(* The Oracle Mechanism is oneway-truthful: for every seller $i$ with true cost $c_i$ and every vector $d$ of reported costs with $d_i>c_i$, we have $u_i(c_i,d_{-i})\ge u_i(d)$, where $u_i(\cdot)$ denotes seller $i$'s utility (payment received minus $c_i$ if $i$ is a winner, and payment received otherwise) when the mechanism is run on the given reported cost vector.
   Context: Sellers $S=\{1,\dots,n\}$ each own one indivisible item with a private true cost; the mechanism runs on reported costs $d$. The buyer's utility is a monotone submodular $F:2^S\to\mathbb R_{\ge0}$, budget $B>0$; $d(T)=\sum_{i\in T}d_i$. $F^\star=\max\{F(T):d(T)\le B\}$. Greedy sequence $\chi(F)=\langle x_1,\dots,x_n\rangle$ (w.r.t. reported costs): with $\chi_0=\emptyset$, $\chi_i=\{x_1,\dots,x_i\}$, $x_i$ maximizes $(F(\chi_{i-1}\cup\{s\})-F(\chi_{i-1}))/d_s$ over $s\notin\chi_{i-1}$ (ratio $+\infty$ if $d_s=0$; ties arbitrary); $\partial_i=F(\chi_i)-F(\chi_{i-1})$. Oracle Mechanism: compute $F^\star$, construct $\chi(F)$, let $k$ be the largest integer with $F(\chi_k)\le F^\star/2$, declare $\chi_k$ the winners, and pay each winner $x_j$ the amount $2r_{x_j}\partial_j$, where $r_s=B/F^\star_s$ and $F^\star_s=\max\{F(T):T\subseteq S\setminus\{s\},d(T)\le B\}$; losers are paid $0$. *)

theory Defs
  imports "HOL-Library.Extended_Real"
begin

text \<open>Sellers are 1..n. F : nat set => real is the buyer's utility, d : nat => real
  the reported cost vector, B the budget.\<close>

definition cost :: "(nat \<Rightarrow> real) \<Rightarrow> nat set \<Rightarrow> real" where
  "cost d T = (\<Sum>i\<in>T. d i)"

definition Fstar :: "nat \<Rightarrow> (nat set \<Rightarrow> real) \<Rightarrow> real \<Rightarrow> (nat \<Rightarrow> real) \<Rightarrow> real" where
  "Fstar n F B d = Max {F T | T. T \<subseteq> {1..n} \<and> cost d T \<le> B}"

definition Fstar_excl :: "nat \<Rightarrow> (nat set \<Rightarrow> real) \<Rightarrow> real \<Rightarrow> (nat \<Rightarrow> real) \<Rightarrow> nat \<Rightarrow> real" where
  "Fstar_excl n F B d s = Max {F T | T. T \<subseteq> {1..n} - {s} \<and> cost d T \<le> B}"

definition ratio :: "(nat set \<Rightarrow> real) \<Rightarrow> (nat \<Rightarrow> real) \<Rightarrow> nat set \<Rightarrow> nat \<Rightarrow> ereal" where
  "ratio F d A s = (if d s = 0 then \<infinity> else ereal ((F (insert s A) - F A) / d s))"

definition greedy_next :: "nat \<Rightarrow> (nat set \<Rightarrow> real) \<Rightarrow> (nat \<Rightarrow> real) \<Rightarrow> nat set \<Rightarrow> nat" where
  "greedy_next n F d A = (LEAST s. s \<in> {1..n} - A \<and>
      (\<forall>t\<in>{1..n} - A. ratio F d A t \<le> ratio F d A s))"

fun chi :: "nat \<Rightarrow> (nat set \<Rightarrow> real) \<Rightarrow> (nat \<Rightarrow> real) \<Rightarrow> nat \<Rightarrow> nat set" where
  "chi n F d 0 = {}"
| "chi n F d (Suc j) = insert (greedy_next n F d (chi n F d j)) (chi n F d j)"

text \<open>x_j, the j-th greedy element (j >= 1).\<close>
definition gx :: "nat \<Rightarrow> (nat set \<Rightarrow> real) \<Rightarrow> (nat \<Rightarrow> real) \<Rightarrow> nat \<Rightarrow> nat" where
  "gx n F d j = greedy_next n F d (chi n F d (j - 1))"

definition marg :: "nat \<Rightarrow> (nat set \<Rightarrow> real) \<Rightarrow> (nat \<Rightarrow> real) \<Rightarrow> nat \<Rightarrow> real" where
  "marg n F d j = F (chi n F d j) - F (chi n F d (j - 1))"

definition kcut :: "nat \<Rightarrow> (nat set \<Rightarrow> real) \<Rightarrow> real \<Rightarrow> (nat \<Rightarrow> real) \<Rightarrow> nat" where
  "kcut n F B d = (let K = {j\<in>{0..n}. F (chi n F d j) \<le> Fstar n F B d / 2}
                    in if K = {} then 0 else Max K)"

definition winner :: "nat \<Rightarrow> (nat set \<Rightarrow> real) \<Rightarrow> real \<Rightarrow> (nat \<Rightarrow> real) \<Rightarrow> nat \<Rightarrow> bool" where
  "winner n F B d i = (\<exists>j\<in>{1..kcut n F B d}. gx n F d j = i)"

definition payment :: "nat \<Rightarrow> (nat set \<Rightarrow> real) \<Rightarrow> real \<Rightarrow> (nat \<Rightarrow> real) \<Rightarrow> nat \<Rightarrow> real" where
  "payment n F B d i =
     (if winner n F B d i then
        2 * (B / Fstar_excl n F B d i) *
          marg n F d (THE j. j \<in> {1..kcut n F B d} \<and> gx n F d j = i)
      else 0)"

definition utility :: "nat \<Rightarrow> (nat set \<Rightarrow> real) \<Rightarrow> real \<Rightarrow> (nat \<Rightarrow> real) \<Rightarrow> nat \<Rightarrow> real \<Rightarrow> real" where
  "utility n F B d i c = payment n F B d i - (if winner n F B d i then c else 0)"

end

theory Submission
  imports Defs
begin

text \<open>Let seller i, reporting its true cost c, be picked at step p' of the greedy run, after the
  set X. Lowering one's own cost only raises one's own ratio, so the overreporting run makes the
  same choices before step p' and picks i at some step p \<ge> p', after a set Y \<supseteq> X.
  If i wins when overreporting, then F(X \<union> {i}) \<le> F(Y \<union> {i}) \<le> F*/2, and F* does not decrease
  when a cost decreases, so i also wins when truthful; by submodularity its marginal gain after X
  is at least that after Y, and F*_i does not depend on i's report, so its payment does not
  decrease. If i loses when overreporting but wins when truthful, the payment covers c: at step p'
  every seller's marginal gain per unit cost is at most \<rho> = \<partial>/c, so F* and F*_i are both at most
  F(X) + \<rho>B, while F(X) + \<partial> \<le> F*/2; hence c F*_i \<le> 2B\<partial>.\<close>

lemma greedy_next_maximizes:
  assumes "{1..n} - A \<noteq> {}"
  shows "greedy_next n F e A \<in> {1..n} - A \<and>
         (\<forall>t\<in>{1..n} - A. ratio F e A t \<le> ratio F e A (greedy_next n F e A))"
proof -
  have "Max (ratio F e A ` ({1..n} - A)) \<in> ratio F e A ` ({1..n} - A)"
    using assms by (intro Max_in) auto
  then obtain s where "s \<in> {1..n} - A" "ratio F e A s = Max (ratio F e A ` ({1..n} - A))"
    by auto
  then have "s \<in> {1..n} - A \<and> (\<forall>t\<in>{1..n} - A. ratio F e A t \<le> ratio F e A s)"
    by simp
  then show ?thesis
    unfolding greedy_next_def by (rule LeastI)
qed

lemma finite_chi: "finite (chi n F e j)"
  by (induction j) auto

**WHAT IS BEING ASKED**. Reproduce all of the records precisely. No word may differ.

**ANSWER TO THE PROBLEM**.
(* The Oracle Mechanism is oneway-truthful: for every seller $i$ with true cost $c_i$ and every vector $d$ of reported costs with $d_i>c_i$, we have $u_i(c_i,d_{-i})\ge u_i(d)$, where $u_i(\cdot)$ denotes seller $i$'s utility (payment received minus $c_i$ if $i$ is a winner, and payment received otherwise) when the mechanism is run on the given reported cost vector.
   Context: Sellers $S=\{1,\dots,n\}$ each own one indivisible item with a private true cost; the mechanism runs on reported costs $d$. The buyer's utility is a monotone submodular $F:2^S\to\mathbb R_{\ge0}$, budget $B>0$; $d(T)=\sum_{i\in T}d_i$. $F^\star=\max\{F(T):d(T)\le B\}$. Greedy sequence $\chi(F)=\langle x_1,\dots,x_n\rangle$ (w.r.t. reported costs): with $\chi_0=\emptyset$, $\chi_i=\{x_1,\dots,x_i\}$, $x_i$ maximizes $(F(\chi_{i-1}\cup\{s\})-F(\chi_{i-1}))/d_s$ over $s\notin\chi_{i-1}$ (ratio $+\infty$ if $d_s=0$; ties arbitrary); $\partial_i=F(\chi_i)-F(\chi_{i-1})$. Oracle Mechanism: compute $F^\star$, construct $\chi(F)$, let $k$ be the largest integer with $F(\chi_k)\le F^\star/2$, declare $\chi_k$ the winners, and pay each winner $x_j$ the amount $2r_{x_j}\partial_j$, where $r_s=B/F^\star_s$ and $F^\star_s=\max\{F(T):T\subseteq S\setminus\{s\},d(T)\le B\}$; losers are paid $0$. *)

theory Defs
  imports "HOL-Library.Extended_Real"
begin

text \<open>Sellers are 1..n. F : nat set => real is the buyer's utility, d : nat => real
  the reported cost vector, B the budget.\<close>

definition cost :: "(nat \<Rightarrow> real) \<Rightarrow> nat set \<Rightarrow> real" where
  "cost d T = (\<Sum>i\<in>T. d i)"

definition Fstar :: "nat \<Rightarrow> (nat set \<Rightarrow> real) \<Rightarrow> real \<Rightarrow> (nat \<Rightarrow> real) \<Rightarrow> real" where
  "Fstar n F B d = Max {F T | T. T \<subseteq> {1..n} \<and> cost d T \<le> B}"

definition Fstar_excl :: "nat \<Rightarrow> (nat set \<Rightarrow> real) \<Rightarrow> real \<Rightarrow> (nat \<Rightarrow> real) \<Rightarrow> nat \<Rightarrow> real" where
  "Fstar_excl n F B d s = Max {F T | T. T \<subseteq> {1..n} - {s} \<and> cost d T \<le> B}"

definition ratio :: "(nat set \<Rightarrow> real) \<Rightarrow> (nat \<Rightarrow> real) \<Rightarrow> nat set \<Rightarrow> nat \<Rightarrow> ereal" where
  "ratio F d A s = (if d s = 0 then \<infinity> else ereal ((F (insert s A) - F A) / d s))"

definition greedy_next :: "nat \<Rightarrow> (nat set \<Rightarrow> real) \<Rightarrow> (nat \<Rightarrow> real) \<Rightarrow> nat set \<Rightarrow> nat" where
  "greedy_next n F d A = (LEAST s. s \<in> {1..n} - A \<and>
      (\<forall>t\<in>{1..n} - A. ratio F d A t \<le> ratio F d A s))"

fun chi :: "nat \<Rightarrow> (nat set \<Rightarrow> real) \<Rightarrow> (nat \<Rightarrow> real) \<Rightarrow> nat \<Rightarrow> nat set" where
  "chi n F d 0 = {}"
| "chi n F d (Suc j) = insert (greedy_next n F d (chi n F d j)) (chi n F d j)"

text \<open>x_j, the j-th greedy element (j >= 1).\<close>
definition gx :: "nat \<Rightarrow> (nat set \<Rightarrow> real) \<Rightarrow> (nat \<Rightarrow> real) \<Rightarrow> nat \<Rightarrow> nat" where
  "gx n F d j = greedy_next n F d (chi n F d (j - 1))"

definition marg :: "nat \<Rightarrow> (nat set \<Rightarrow> real) \<Rightarrow> (nat \<Rightarrow> real) \<Rightarrow> nat \<Rightarrow> real" where
  "marg n F d j = F (chi n F d j) - F (chi n F d (j - 1))"

definition kcut :: "nat \<Rightarrow> (nat set \<Rightarrow> real) \<Rightarrow> real \<Rightarrow> (nat \<Rightarrow> real) \<Rightarrow> nat" where
  "kcut n F B d = (let K = {j\<in>{0..n}. F (chi n F d j) \<le> Fstar n F B d / 2}
                    in if K = {} then 0 else Max K)"

definition winner :: "nat \<Rightarrow> (nat set \<Rightarrow> real) \<Rightarrow> real \<Rightarrow> (nat \<Rightarrow> real) \<Rightarrow> nat \<Rightarrow> bool" where
  "winner n F B d i = (\<exists>j\<in>{1..kcut n F B d}. gx n F d j = i)"

definition payment :: "nat \<Rightarrow> (nat set \<Rightarrow> real) \<Rightarrow> real \<Rightarrow> (nat \<Rightarrow> real) \<Rightarrow> nat \<Rightarrow> real" where
  "payment n F B d i =
     (if winner n F B d i then
        2 * (B / Fstar_excl n F B d i) *
          marg n F d (THE j. j \<in> {1..kcut n F B d} \<and> gx n F d j = i)
      else 0)"

definition utility :: "nat \<Rightarrow> (nat set \<Rightarrow> real) \<Rightarrow> real \<Rightarrow> (nat \<Rightarrow> real) \<Rightarrow> nat \<Rightarrow> real \<Rightarrow> real" where
  "utility n F B d i c = payment n F B d i - (if winner n F B d i then c else 0)"

end

theory Submission
  imports Defs
begin

text \<open>Let seller i, reporting its true cost c, be picked at step p' of the greedy run, after the
  set X. Lowering one's own cost only raises one's own ratio, so the overreporting run makes the
  same choices before step p' and picks i at some step p \<ge> p', after a set Y \<supseteq> X.
  If i wins when overreporting, then F(X \<union> {i}) \<le> F(Y \<union> {i}) \<le> F*/2, and F* does not decrease
  when a cost decreases, so i also wins when truthful; by submodularity its marginal gain after X
  is at least that after Y, and F*_i does not depend on i's report, so its payment does not
  decrease. If i loses when overreporting but wins when truthful, the payment covers c: at step p'
  every seller's marginal gain per unit cost is at most \<rho> = \<partial>/c, so F* and F*_i are both at most
  F(X) + \<rho>B, while F(X) + \<partial> \<le> F*/2; hence c F*_i \<le> 2B\<partial>.\<close>

lemma greedy_next_maximizes:
  assumes "{1..n} - A \<noteq> {}"
  shows "greedy_next n F e A \<in> {1..n} - A \<and>
         (\<forall>t\<in>{1..n} - A. ratio F e A t \<le> ratio F e A (greedy_next n F e A))"
proof -
  have "Max (ratio F e A ` ({1..n} - A)) \<in> ratio F e A ` ({1..n} - A)"
    using assms by (intro Max_in) auto
  then obtain s where "s \<in> {1..n} - A" "ratio F e A s = Max (ratio F e A ` ({1..n} - A))"
    by auto
  then have "s \<in> {1..n} - A \<and> (\<forall>t\<in>{1..n} - A. ratio F e A t \<le> ratio F e A s)"
    by simp
  then show ?thesis
    unfolding greedy_next_def by (rule LeastI)
qed

lemma finite_chi: "finite (chi n F e j)"
  by (induction j) auto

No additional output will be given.